+++ MATERIAL SHOWN

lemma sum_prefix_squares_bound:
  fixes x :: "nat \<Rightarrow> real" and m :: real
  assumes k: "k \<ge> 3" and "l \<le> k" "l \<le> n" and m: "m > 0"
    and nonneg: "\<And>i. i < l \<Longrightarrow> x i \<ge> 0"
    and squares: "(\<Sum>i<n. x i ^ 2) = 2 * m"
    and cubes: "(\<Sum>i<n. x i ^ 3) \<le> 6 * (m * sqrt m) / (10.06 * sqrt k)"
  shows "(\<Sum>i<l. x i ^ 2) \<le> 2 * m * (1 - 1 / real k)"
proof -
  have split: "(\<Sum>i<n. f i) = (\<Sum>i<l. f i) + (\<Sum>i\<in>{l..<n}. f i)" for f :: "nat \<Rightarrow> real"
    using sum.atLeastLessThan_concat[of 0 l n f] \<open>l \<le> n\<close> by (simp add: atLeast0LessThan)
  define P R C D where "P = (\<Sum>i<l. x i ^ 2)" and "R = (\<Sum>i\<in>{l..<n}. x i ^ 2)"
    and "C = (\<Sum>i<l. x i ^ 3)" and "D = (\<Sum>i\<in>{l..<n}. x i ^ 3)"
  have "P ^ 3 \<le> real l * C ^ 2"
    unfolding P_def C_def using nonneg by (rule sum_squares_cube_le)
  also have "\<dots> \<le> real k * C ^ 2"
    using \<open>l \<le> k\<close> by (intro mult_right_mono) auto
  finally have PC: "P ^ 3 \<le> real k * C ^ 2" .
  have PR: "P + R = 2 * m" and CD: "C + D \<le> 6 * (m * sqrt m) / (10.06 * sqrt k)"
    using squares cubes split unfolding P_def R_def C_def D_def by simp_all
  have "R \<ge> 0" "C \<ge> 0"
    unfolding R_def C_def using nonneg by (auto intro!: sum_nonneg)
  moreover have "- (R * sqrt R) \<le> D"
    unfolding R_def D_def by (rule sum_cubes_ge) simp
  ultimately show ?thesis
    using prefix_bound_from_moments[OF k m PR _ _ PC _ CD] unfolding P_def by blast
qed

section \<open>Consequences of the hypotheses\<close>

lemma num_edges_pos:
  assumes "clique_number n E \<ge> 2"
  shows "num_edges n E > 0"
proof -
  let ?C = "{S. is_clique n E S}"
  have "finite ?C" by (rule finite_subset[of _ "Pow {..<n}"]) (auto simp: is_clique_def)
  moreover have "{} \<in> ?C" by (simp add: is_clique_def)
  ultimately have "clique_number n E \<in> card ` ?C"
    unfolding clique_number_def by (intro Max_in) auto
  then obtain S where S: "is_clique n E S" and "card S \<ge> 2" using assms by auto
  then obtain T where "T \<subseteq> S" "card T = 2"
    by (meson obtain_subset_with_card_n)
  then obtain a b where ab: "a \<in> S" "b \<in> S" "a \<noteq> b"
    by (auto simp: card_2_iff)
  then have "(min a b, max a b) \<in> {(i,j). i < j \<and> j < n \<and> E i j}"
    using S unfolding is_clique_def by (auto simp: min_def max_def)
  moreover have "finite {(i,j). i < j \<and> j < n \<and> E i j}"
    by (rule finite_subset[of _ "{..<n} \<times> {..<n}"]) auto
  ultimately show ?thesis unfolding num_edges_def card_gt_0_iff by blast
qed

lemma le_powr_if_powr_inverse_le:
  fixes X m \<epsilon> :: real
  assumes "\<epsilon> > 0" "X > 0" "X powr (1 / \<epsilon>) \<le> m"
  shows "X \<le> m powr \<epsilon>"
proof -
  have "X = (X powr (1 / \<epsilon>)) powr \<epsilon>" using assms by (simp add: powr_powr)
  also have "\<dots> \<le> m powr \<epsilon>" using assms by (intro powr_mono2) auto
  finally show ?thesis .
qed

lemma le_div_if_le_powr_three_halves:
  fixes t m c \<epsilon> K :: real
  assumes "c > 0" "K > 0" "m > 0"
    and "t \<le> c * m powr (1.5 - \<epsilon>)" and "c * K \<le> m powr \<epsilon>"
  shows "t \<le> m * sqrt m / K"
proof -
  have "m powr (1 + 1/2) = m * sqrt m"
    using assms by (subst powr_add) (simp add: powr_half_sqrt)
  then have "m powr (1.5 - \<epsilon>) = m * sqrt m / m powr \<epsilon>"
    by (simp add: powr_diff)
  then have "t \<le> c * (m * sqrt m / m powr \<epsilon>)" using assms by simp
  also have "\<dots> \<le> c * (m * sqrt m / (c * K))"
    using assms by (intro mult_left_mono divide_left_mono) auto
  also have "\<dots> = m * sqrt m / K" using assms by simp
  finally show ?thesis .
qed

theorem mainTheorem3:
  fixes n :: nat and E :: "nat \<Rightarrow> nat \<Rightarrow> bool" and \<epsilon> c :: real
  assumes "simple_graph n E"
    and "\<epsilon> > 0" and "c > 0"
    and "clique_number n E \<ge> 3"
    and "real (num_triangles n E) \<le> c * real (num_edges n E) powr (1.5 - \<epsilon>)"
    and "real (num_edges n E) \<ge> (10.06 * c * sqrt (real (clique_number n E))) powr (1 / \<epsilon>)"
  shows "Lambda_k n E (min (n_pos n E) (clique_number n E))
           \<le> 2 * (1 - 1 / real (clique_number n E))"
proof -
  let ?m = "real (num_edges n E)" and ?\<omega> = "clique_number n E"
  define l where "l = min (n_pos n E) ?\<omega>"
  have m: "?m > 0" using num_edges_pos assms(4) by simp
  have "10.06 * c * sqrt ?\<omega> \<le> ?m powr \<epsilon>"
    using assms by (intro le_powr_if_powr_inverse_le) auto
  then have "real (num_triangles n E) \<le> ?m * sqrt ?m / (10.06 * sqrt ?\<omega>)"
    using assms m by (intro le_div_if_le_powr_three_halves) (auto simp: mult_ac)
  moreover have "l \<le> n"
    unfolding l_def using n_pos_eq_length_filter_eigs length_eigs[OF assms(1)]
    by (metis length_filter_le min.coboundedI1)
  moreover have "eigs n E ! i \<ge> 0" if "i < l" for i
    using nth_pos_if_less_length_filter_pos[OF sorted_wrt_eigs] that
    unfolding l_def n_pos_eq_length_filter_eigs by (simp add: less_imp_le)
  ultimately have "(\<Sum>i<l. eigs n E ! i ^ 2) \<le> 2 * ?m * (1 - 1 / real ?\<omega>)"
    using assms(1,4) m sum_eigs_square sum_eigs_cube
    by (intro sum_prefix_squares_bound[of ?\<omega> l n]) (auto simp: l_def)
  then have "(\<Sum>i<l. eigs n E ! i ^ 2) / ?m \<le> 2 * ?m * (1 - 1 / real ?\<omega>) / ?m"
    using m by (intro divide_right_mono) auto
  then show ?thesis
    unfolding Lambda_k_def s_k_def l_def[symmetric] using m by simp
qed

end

++++++
+++ MATERIAL SHOWN

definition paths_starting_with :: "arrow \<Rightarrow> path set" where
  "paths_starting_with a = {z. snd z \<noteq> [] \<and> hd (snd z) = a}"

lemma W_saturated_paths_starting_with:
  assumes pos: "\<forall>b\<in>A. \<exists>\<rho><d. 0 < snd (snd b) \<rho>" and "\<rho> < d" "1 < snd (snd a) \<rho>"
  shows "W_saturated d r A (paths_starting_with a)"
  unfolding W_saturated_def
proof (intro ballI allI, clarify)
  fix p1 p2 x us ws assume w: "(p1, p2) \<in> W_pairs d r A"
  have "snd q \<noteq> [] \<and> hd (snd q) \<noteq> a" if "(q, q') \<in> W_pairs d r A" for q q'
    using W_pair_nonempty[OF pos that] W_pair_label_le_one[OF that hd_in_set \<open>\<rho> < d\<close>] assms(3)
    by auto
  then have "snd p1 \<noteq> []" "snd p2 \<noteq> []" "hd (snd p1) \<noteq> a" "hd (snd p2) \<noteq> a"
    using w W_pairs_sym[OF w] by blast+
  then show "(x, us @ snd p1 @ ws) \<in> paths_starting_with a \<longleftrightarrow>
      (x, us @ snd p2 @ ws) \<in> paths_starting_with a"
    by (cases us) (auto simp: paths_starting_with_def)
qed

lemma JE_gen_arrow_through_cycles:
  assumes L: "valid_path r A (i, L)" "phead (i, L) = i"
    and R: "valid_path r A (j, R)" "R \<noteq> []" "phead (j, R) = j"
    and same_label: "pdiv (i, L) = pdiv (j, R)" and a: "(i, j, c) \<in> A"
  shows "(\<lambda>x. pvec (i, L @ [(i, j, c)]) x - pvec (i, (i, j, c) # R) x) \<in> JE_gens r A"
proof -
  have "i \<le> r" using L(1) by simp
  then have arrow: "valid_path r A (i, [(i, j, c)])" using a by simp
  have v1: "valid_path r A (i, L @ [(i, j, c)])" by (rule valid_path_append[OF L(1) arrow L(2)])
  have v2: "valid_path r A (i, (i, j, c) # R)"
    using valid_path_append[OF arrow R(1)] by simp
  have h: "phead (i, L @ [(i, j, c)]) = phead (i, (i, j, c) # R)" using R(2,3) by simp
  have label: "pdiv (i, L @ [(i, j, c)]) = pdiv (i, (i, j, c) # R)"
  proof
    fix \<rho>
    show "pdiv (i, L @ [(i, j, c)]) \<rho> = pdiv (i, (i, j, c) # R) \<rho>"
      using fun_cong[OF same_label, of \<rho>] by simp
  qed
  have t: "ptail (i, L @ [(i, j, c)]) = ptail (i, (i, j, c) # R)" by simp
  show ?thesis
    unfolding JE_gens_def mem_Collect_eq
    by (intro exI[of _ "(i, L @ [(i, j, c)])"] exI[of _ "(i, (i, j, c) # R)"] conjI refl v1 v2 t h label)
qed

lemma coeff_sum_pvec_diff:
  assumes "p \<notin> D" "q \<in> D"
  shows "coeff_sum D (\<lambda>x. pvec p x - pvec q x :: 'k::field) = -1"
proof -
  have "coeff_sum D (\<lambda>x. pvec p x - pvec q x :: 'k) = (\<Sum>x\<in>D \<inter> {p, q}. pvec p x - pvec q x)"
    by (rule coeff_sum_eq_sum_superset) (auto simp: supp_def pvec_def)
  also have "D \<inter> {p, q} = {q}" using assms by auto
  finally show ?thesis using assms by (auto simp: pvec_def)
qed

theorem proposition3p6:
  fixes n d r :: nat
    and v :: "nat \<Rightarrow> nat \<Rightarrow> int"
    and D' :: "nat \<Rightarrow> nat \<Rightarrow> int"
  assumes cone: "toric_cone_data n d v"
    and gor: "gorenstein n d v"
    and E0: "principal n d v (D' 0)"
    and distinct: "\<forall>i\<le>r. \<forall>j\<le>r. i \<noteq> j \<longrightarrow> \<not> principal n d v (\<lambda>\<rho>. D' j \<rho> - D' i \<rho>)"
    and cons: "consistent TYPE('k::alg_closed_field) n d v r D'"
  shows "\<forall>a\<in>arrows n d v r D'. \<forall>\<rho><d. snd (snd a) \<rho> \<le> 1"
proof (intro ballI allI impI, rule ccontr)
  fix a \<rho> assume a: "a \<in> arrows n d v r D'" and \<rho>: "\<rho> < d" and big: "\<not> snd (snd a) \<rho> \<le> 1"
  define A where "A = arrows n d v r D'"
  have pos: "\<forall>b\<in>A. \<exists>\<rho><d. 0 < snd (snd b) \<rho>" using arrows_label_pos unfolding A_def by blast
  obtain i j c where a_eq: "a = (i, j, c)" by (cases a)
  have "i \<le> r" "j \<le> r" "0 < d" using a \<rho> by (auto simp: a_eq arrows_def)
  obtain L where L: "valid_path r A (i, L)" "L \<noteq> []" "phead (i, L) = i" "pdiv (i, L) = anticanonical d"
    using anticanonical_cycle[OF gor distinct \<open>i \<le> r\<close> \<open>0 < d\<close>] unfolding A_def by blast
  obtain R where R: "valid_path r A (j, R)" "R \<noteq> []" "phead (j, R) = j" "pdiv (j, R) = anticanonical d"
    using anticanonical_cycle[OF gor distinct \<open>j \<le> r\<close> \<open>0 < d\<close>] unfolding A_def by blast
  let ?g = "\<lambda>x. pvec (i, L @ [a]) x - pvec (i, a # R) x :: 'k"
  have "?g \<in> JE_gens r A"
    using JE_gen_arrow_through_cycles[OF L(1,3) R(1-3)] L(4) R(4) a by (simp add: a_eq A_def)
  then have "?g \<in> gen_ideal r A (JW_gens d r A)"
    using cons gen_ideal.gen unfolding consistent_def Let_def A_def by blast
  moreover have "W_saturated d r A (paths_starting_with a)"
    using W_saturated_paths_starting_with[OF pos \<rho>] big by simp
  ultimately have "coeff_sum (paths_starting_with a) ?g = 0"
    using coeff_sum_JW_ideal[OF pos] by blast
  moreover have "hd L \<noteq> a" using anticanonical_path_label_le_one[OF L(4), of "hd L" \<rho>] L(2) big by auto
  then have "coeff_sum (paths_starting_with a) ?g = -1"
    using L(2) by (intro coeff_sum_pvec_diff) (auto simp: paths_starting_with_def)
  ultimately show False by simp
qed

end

++++++

WHAT TO WORK ON:
Line count for the word "dots": please state how many lines of the records above contain it, and nothing else.

SOLUTION BELOW:
4